'''

definition heis_chr' :: "real \<Rightarrow> real \<Rightarrow> real \<Rightarrow> 3 \<Rightarrow> 3 \<Rightarrow> 3 \<Rightarrow> real \<Rightarrow> real" where
  "heis_chr' A B C k i j x =
    (if k = 1 \<and> i = 2 \<and> j = 2 then A/C
     else if k = 1 \<and> ((i = 2 \<and> j = 3) \<or> (i = 3 \<and> j = 2)) then 0
     else if k = 2 \<and> ((i = 1 \<and> j = 2) \<or> (i = 2 \<and> j = 1)) then A/(2*B)
     else if k = 3 \<and> ((i = 1 \<and> j = 2) \<or> (i = 2 \<and> j = 1)) then 2 * (-(A/(2*B))) * x
     else if k = 2 \<and> ((i = 1 \<and> j = 3) \<or> (i = 3 \<and> j = 1)) then 0
     else if k = 3 \<and> ((i = 1 \<and> j = 3) \<or> (i = 3 \<and> j = 1)) then -(A/(2*B))
     else 0)"

lemma heis_chr_deriv: "(heis_chr A B C k i j has_real_derivative heis_chr' A B C k i j x) (at x)"
  unfolding heis_chr_def[abs_def] heis_chr'_def
  by (rule DERIV_if_index DERIV_linear DERIV_quadratic DERIV_const)+

lemma christoffel_heis:
  assumes "A > 0" "B > 0" "C > 0"
  shows "christoffel (heis_metric A B C) k i j = (\<lambda>q. heis_chr A B C k i j (q$1))"
proof
  fix q
  have "\<forall>k i j. christoffel (heis_metric A B C) k i j q = heis_chr A B C k i j (q$1)"
    unfolding christoffel_def inv_metric_heis[OF assms] partial_heis_metric sum_3 forall_3
    using assms by (simp add: heis_inv_def heis_chr_def heis_comp'_def field_simps power2_eq_square)
  then show "christoffel (heis_metric A B C) k i j q = heis_chr A B C k i j (q$1)" by blast
qed

definition heis_ric :: "real \<Rightarrow> real \<Rightarrow> real \<Rightarrow> 3 \<Rightarrow> 3 \<Rightarrow> real \<Rightarrow> real" where
  "heis_ric A B C i j x =
    (if i = 1 \<and> j = 1 then -(A/(2*B))
     else if i = 2 \<and> j = 2 then A/(2*C) - A\<^sup>2 * x\<^sup>2/(2*B*C)
     else if (i = 2 \<and> j = 3) \<or> (i = 3 \<and> j = 2) then -(A\<^sup>2 * x/(2*B*C))
     else if i = 3 \<and> j = 3 then -(A\<^sup>2/(2*B*C))
     else 0)"

lemma ricci_heis:
  assumes "A > 0" "B > 0" "C > 0"
  shows "ricci (heis_metric A B C) p $ i $ j = heis_ric A B C i j (p$1)"
proof -
  have chr: "christoffel (heis_metric A B C) k i j p = heis_chr A B C k i j (p$1)" for k i j
    unfolding christoffel_heis[OF assms] ..
  have dchr: "partial l (christoffel (heis_metric A B C) k i j) p
                = (if l = 1 then heis_chr' A B C k i j (p$1) else 0)" for l k i j
    unfolding christoffel_heis[OF assms] by (rule partial_fun_of_x[OF heis_chr_deriv])
  have "\<forall>i j. ricci (heis_metric A B C) p $ i $ j = heis_ric A B C i j (p$1)"
    unfolding ricci_def vec_lambda_beta dchr chr sum_3 forall_3
    using assms by (simp add: heis_chr_def heis_chr'_def heis_ric_def field_simps power2_eq_square)
  then show ?thesis by blast
qed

'''

# How to complete this task
Reproduce verbatim only this range: the first line of the material through the line that contains "2 * (-(A/(2*B))) * x", inclusive.

# Output below
definition heis_chr' :: "real \<Rightarrow> real \<Rightarrow> real \<Rightarrow> 3 \<Rightarrow> 3 \<Rightarrow> 3 \<Rightarrow> real \<Rightarrow> real" where
  "heis_chr' A B C k i j x =
    (if k = 1 \<and> i = 2 \<and> j = 2 then A/C
     else if k = 1 \<and> ((i = 2 \<and> j = 3) \<or> (i = 3 \<and> j = 2)) then 0
     else if k = 2 \<and> ((i = 1 \<and> j = 2) \<or> (i = 2 \<and> j = 1)) then A/(2*B)
     else if k = 3 \<and> ((i = 1 \<and> j = 2) \<or> (i = 2 \<and> j = 1)) then 2 * (-(A/(2*B))) * x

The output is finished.